text \<open>A majorant that equals the reward where a pure strategy stops and is harmonic where it
  continues is the payoff of that strategy, unless the strategy continues forever on a closed
  class: the excess of the majorant over the payoff is subharmonic, so its maximum is attained
  on a closed class.\<close>

lemma payoff_from_eq_majorant:
  assumes \<sigma>: "valid_strategy m \<sigma>" and u: "\<And>x. x \<in> {1..m} \<Longrightarrow> 0 \<le> u x \<and> u x \<le> 1"
    and s01: "\<And>x. x \<in> {1..m} \<Longrightarrow> \<sigma> x th = 0 \<or> \<sigma> x th = 1"
    and C_def: "C = {x\<in>{1..m}. \<not> absorbing f x \<and> \<sigma> x th = 0}"
    and Vle: "\<And>x. x \<in> {1..m} \<Longrightarrow> payoff_from \<sigma> u th x \<le> V x"
    and Voff: "\<And>x. x \<in> {1..m} \<Longrightarrow> x \<notin> C \<Longrightarrow> V x = u x"
    and Von: "\<And>x. x \<in> C \<Longrightarrow> V x = (\<Sum>j\<in>{1..m}. P th x j * V j)"
  shows "(\<forall>x\<in>{1..m}. payoff_from \<sigma> u th x = V x) \<or> (\<exists>Z. Z \<subseteq> C \<and> Z \<noteq> {} \<and> closed_class th Z)"
proof -
  define e where "e x = V x - payoff_from \<sigma> u th x" for x
  have e0: "0 \<le> e x" if "x \<in> {1..m}" for x using Vle[OF that] unfolding e_def by simp
  have eoff: "e x = 0" if x: "x \<in> {1..m}" "x \<notin> C" for x
    using Voff[OF x] payoff_from_stop[of x \<sigma> th u] s01[OF x(1)] x unfolding e_def C_def by auto
  have eon: "e x = (\<Sum>j\<in>{1..m}. P th x j * e j)" if "x \<in> C" for x
    using Von[OF that] payoff_from_continue[OF \<sigma> u, where x=x and th=th] that
    unfolding e_def C_def by (simp add: algebra_simps sum_subtractf)
  have sub: "e x \<le> (\<Sum>j\<in>{1..m}. P th x j * e j)" if x: "x \<in> {1..m}" for x
  proof (cases "x \<in> C")
    case True then show ?thesis using eon by simp
  next
    case False
    have "0 \<le> (\<Sum>j\<in>{1..m}. P th x j * e j)"
      using e0 trans_prob_nonneg[OF x] by (intro sum_nonneg mult_nonneg_nonneg) auto
    then show ?thesis using eoff[OF x False] by simp
  qed
  show ?thesis
  proof (cases "\<forall>x\<in>{1..m}. e x = 0")
    case True then show ?thesis unfolding e_def by auto
  next
    case False
    then obtain y where y: "y \<in> {1..m}" "e y \<noteq> 0" by auto
    define Z where "Z = {x\<in>{1..m}. e x = Max (e ` {1..m})}"
    have cl: "closed_class th {1..m}" unfolding closed_class_def by auto
    have "\<And>x. x \<in> {1..m} \<Longrightarrow> e x = Max (e ` {1..m}) \<Longrightarrow> e x \<le> (\<Sum>j\<in>{1..m}. P th x j * e j)"
      using sub by blast
    moreover have "{1..m} \<noteq> {}" using y by auto
    ultimately have "Z \<noteq> {}" "closed_class th Z"
      using argmax_closed_class[of "{1..m}" th e] cl unfolding Z_def by blast+
    moreover have "Z \<subseteq> C"
    proof
      fix x assume "x \<in> Z"
      moreover have "e y \<le> Max (e ` {1..m})" using y by simp
      then have "0 < Max (e ` {1..m})" using e0[OF y(1)] y(2) by linarith
      ultimately show "x \<in> C" using eoff unfolding Z_def by force
    qed
    ultimately show ?thesis by blast
  qed
qed

context
  fixes a :: "nat \<Rightarrow> real" and th :: theta
  assumes a: "\<And>x. x \<in> {1..m} \<Longrightarrow> 0 \<le> a x \<and> a x \<le> 1"
begin

lemma snell_iter_bounds: "x \<in> {1..m} \<Longrightarrow> 0 \<le> snell_iter m \<pi> f a th n x \<and> snell_iter m \<pi> f a th n x
    \<le> 1"
proof (induction n arbitrary: x)
  case 0 then show ?case by simp
next
  case (Suc n)
  have "0 \<le> (\<Sum>j\<in>{1..m}. P th x j * snell_iter m \<pi> f a th n j)"
    "(\<Sum>j\<in>{1..m}. P th x j * snell_iter m \<pi> f a th n j) \<le> 1"
    using trans_prob_average_bounds[of x "snell_iter m \<pi> f a th n" th] Suc.prems Suc.IH by auto
  then show ?case using a[OF Suc.prems] by auto
qed

lemma snell_iter_mono: "x \<in> {1..m} \<Longrightarrow> snell_iter m \<pi> f a th n x \<le> snell_iter m \<pi> f a th (Suc n) x"
proof (induction n arbitrary: x)
  case 0 then show ?case using snell_iter_bounds[OF "0.prems", of "Suc 0"] by simp
next
  case (Suc n)
  have "(\<Sum>j\<in>{1..m}. P th x j * snell_iter m \<pi> f a th n j)
      \<le> (\<Sum>j\<in>{1..m}. P th x j * snell_iter m \<pi> f a th (Suc n) j)"
    using Suc.IH trans_prob_nonneg[OF Suc.prems] by (intro sum_mono mult_left_mono) auto
  then show ?case by (simp only: snell_iter.simps) auto
qed

definition snell :: "nat \<Rightarrow> real" where "snell x = lim (\<lambda>n. snell_iter m \<pi> f a th n x)"

lemma snell_iter_tendsto: "x \<in> {1..m} \<Longrightarrow> (\<lambda>n. snell_iter m \<pi> f a th n x) \<longlonglongrightarrow> snell x"
proof -
  assume x: "x \<in> {1..m}"
  have inc: "incseq (\<lambda>n. snell_iter m \<pi> f a th n x)"
    using snell_iter_mono[OF x] by (simp add: incseq_SucI)
  have bdd: "bdd_above (range (\<lambda>n. snell_iter m \<pi> f a th n x))"
    using snell_iter_bounds[OF x] by (intro bdd_aboveI[of _ 1]) auto
  have "convergent (\<lambda>n. snell_iter m \<pi> f a th n x)"
    using LIMSEQ_incseq_SUP[OF bdd inc] by (auto simp: convergent_def)
  then show ?thesis unfolding snell_def by (simp add: convergent_LIMSEQ_iff)
qed

lemma snell_bounds: "x \<in> {1..m} \<Longrightarrow> 0 \<le> snell x \<and> snell x \<le> 1"
proof -
  assume x: "x \<in> {1..m}"
  show ?thesis
    using LIMSEQ_le_const[OF snell_iter_tendsto[OF x]] LIMSEQ_le_const2[OF snell_iter_tendsto[OF x]]
      snell_iter_bounds[OF x] by auto
qed

lemma snell_iter_le_snell: "x \<in> {1..m} \<Longrightarrow> snell_iter m \<pi> f a th n x \<le> snell x"
proof -
  assume x: "x \<in> {1..m}"
  have inc: "incseq (\<lambda>n. snell_iter m \<pi> f a th n x)" using snell_iter_mono[OF x]
    by (simp add: incseq_SucI)
  show ?thesis by (rule incseq_le[OF inc snell_iter_tendsto[OF x]])
qed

_ _ _ _ _

### What to work on
Write the records above out again precisely.

### Output of the task
text \<open>A majorant that equals the reward where a pure strategy stops and is harmonic where it
  continues is the payoff of that strategy, unless the strategy continues forever on a closed
  class: the excess of the majorant over the payoff is subharmonic, so its maximum is attained
  on a closed class.\<close>

lemma payoff_from_eq_majorant:
  assumes \<sigma>: "valid_strategy m \<sigma>" and u: "\<And>x. x \<in> {1..m} \<Longrightarrow> 0 \<le> u x \<and> u x \<le> 1"
    and s01: "\<And>x. x \<in> {1..m} \<Longrightarrow> \<sigma> x th = 0 \<or> \<sigma> x th = 1"
    and C_def: "C = {x\<in>{1..m}. \<not> absorbing f x \<and> \<sigma> x th = 0}"
    and Vle: "\<And>x. x \<in> {1..m} \<Longrightarrow> payoff_from \<sigma> u th x \<le> V x"
    and Voff: "\<And>x. x \<in> {1..m} \<Longrightarrow> x \<notin> C \<Longrightarrow> V x = u x"
    and Von: "\<And>x. x \<in> C \<Longrightarrow> V x = (\<Sum>j\<in>{1..m}. P th x j * V j)"
  shows "(\<forall>x\<in>{1..m}. payoff_from \<sigma> u th x = V x) \<or> (\<exists>Z. Z \<subseteq> C \<and> Z \<noteq> {} \<and> closed_class th Z)"
proof -
  define e where "e x = V x - payoff_from \<sigma> u th x" for x
  have e0: "0 \<le> e x" if "x \<in> {1..m}" for x using Vle[OF that] unfolding e_def by simp
  have eoff: "e x = 0" if x: "x \<in> {1..m}" "x \<notin> C" for x
    using Voff[OF x] payoff_from_stop[of x \<sigma> th u] s01[OF x(1)] x unfolding e_def C_def by auto
  have eon: "e x = (\<Sum>j\<in>{1..m}. P th x j * e j)" if "x \<in> C" for x
    using Von[OF that] payoff_from_continue[OF \<sigma> u, where x=x and th=th] that
    unfolding e_def C_def by (simp add: algebra_simps sum_subtractf)
  have sub: "e x \<le> (\<Sum>j\<in>{1..m}. P th x j * e j)" if x: "x \<in> {1..m}" for x
  proof (cases "x \<in> C")
    case True then show ?thesis using eon by simp
  next
    case False
    have "0 \<le> (\<Sum>j\<in>{1..m}. P th x j * e j)"
      using e0 trans_prob_nonneg[OF x] by (intro sum_nonneg mult_nonneg_nonneg) auto
    then show ?thesis using eoff[OF x False] by simp
  qed
  show ?thesis
  proof (cases "\<forall>x\<in>{1..m}. e x = 0")
    case True then show ?thesis unfolding e_def by auto
  next
    case False
    then obtain y where y: "y \<in> {1..m}" "e y \<noteq> 0" by auto
    define Z where "Z = {x\<in>{1..m}. e x = Max (e ` {1..m})}"
    have cl: "closed_class th {1..m}" unfolding closed_class_def by auto
    have "\<And>x. x \<in> {1..m} \<Longrightarrow> e x = Max (e ` {1..m}) \<Longrightarrow> e x \<le> (\<Sum>j\<in>{1..m}. P th x j * e j)"
      using sub by blast
    moreover have "{1..m} \<noteq> {}" using y by auto
    ultimately have "Z \<noteq> {}" "closed_class th Z"
      using argmax_closed_class[of "{1..m}" th e] cl unfolding Z_def by blast+
    moreover have "Z \<subseteq> C"
    proof
      fix x assume "x \<in> Z"
      moreover have "e y \<le> Max (e ` {1..m})" using y by simp
      then have "0 < Max (e ` {1..m})" using e0[OF y(1)] y(2) by linarith
      ultimately show "x \<in> C" using eoff unfolding Z_def by force
    qed
    ultimately show ?thesis by blast
  qed
qed

context
  fixes a :: "nat \<Rightarrow> real" and th :: theta
  assumes a: "\<And>x. x \<in> {1..m} \<Longrightarrow> 0 \<le> a x \<and> a x \<le> 1"
begin

lemma snell_iter_bounds: "x \<in> {1..m} \<Longrightarrow> 0 \<le> snell_iter m \<pi> f a th n x \<and> snell_iter m \<pi> f a th n x
    \<le> 1"
proof (induction n arbitrary: x)
  case 0 then show ?case by simp
next
  case (Suc n)
  have "0 \<le> (\<Sum>j\<in>{1..m}. P th x j * snell_iter m \<pi> f a th n j)"
    "(\<Sum>j\<in>{1..m}. P th x j * snell_iter m \<pi> f a th n j) \<le> 1"
    using trans_prob_average_bounds[of x "snell_iter m \<pi> f a th n" th] Suc.prems Suc.IH by auto
  then show ?case using a[OF Suc.prems] by auto
qed

lemma snell_iter_mono: "x \<in> {1..m} \<Longrightarrow> snell_iter m \<pi> f a th n x \<le> snell_iter m \<pi> f a th (Suc n) x"
proof (induction n arbitrary: x)
  case 0 then show ?case using snell_iter_bounds[OF "0.prems", of "Suc 0"] by simp
next
  case (Suc n)
  have "(\<Sum>j\<in>{1..m}. P th x j * snell_iter m \<pi> f a th n j)
      \<le> (\<Sum>j\<in>{1..m}. P th x j * snell_iter m \<pi> f a th (Suc n) j)"
    using Suc.IH trans_prob_nonneg[OF Suc.prems] by (intro sum_mono mult_left_mono) auto
  then show ?case by (simp only: snell_iter.simps) auto
qed

definition snell :: "nat \<Rightarrow> real" where "snell x = lim (\<lambda>n. snell_iter m \<pi> f a th n x)"

lemma snell_iter_tendsto: "x \<in> {1..m} \<Longrightarrow> (\<lambda>n. snell_iter m \<pi> f a th n x) \<longlonglongrightarrow> snell x"
proof -
  assume x: "x \<in> {1..m}"
  have inc: "incseq (\<lambda>n. snell_iter m \<pi> f a th n x)"
    using snell_iter_mono[OF x] by (simp add: incseq_SucI)
  have bdd: "bdd_above (range (\<lambda>n. snell_iter m \<pi> f a th n x))"
    using snell_iter_bounds[OF x] by (intro bdd_aboveI[of _ 1]) auto
  have "convergent (\<lambda>n. snell_iter m \<pi> f a th n x)"
    using LIMSEQ_incseq_SUP[OF bdd inc] by (auto simp: convergent_def)
  then show ?thesis unfolding snell_def by (simp add: convergent_LIMSEQ_iff)
qed

lemma snell_bounds: "x \<in> {1..m} \<Longrightarrow> 0 \<le> snell x \<and> snell x \<le> 1"
proof -
  assume x: "x \<in> {1..m}"
  show ?thesis
    using LIMSEQ_le_const[OF snell_iter_tendsto[OF x]] LIMSEQ_le_const2[OF snell_iter_tendsto[OF x]]
      snell_iter_bounds[OF x] by auto
qed

lemma snell_iter_le_snell: "x \<in> {1..m} \<Longrightarrow> snell_iter m \<pi> f a th n x \<le> snell x"
proof -
  assume x: "x \<in> {1..m}"
  have inc: "incseq (\<lambda>n. snell_iter m \<pi> f a th n x)" using snell_iter_mono[OF x]
    by (simp add: incseq_SucI)
  show ?thesis by (rule incseq_le[OF inc snell_iter_tendsto[OF x]])
qed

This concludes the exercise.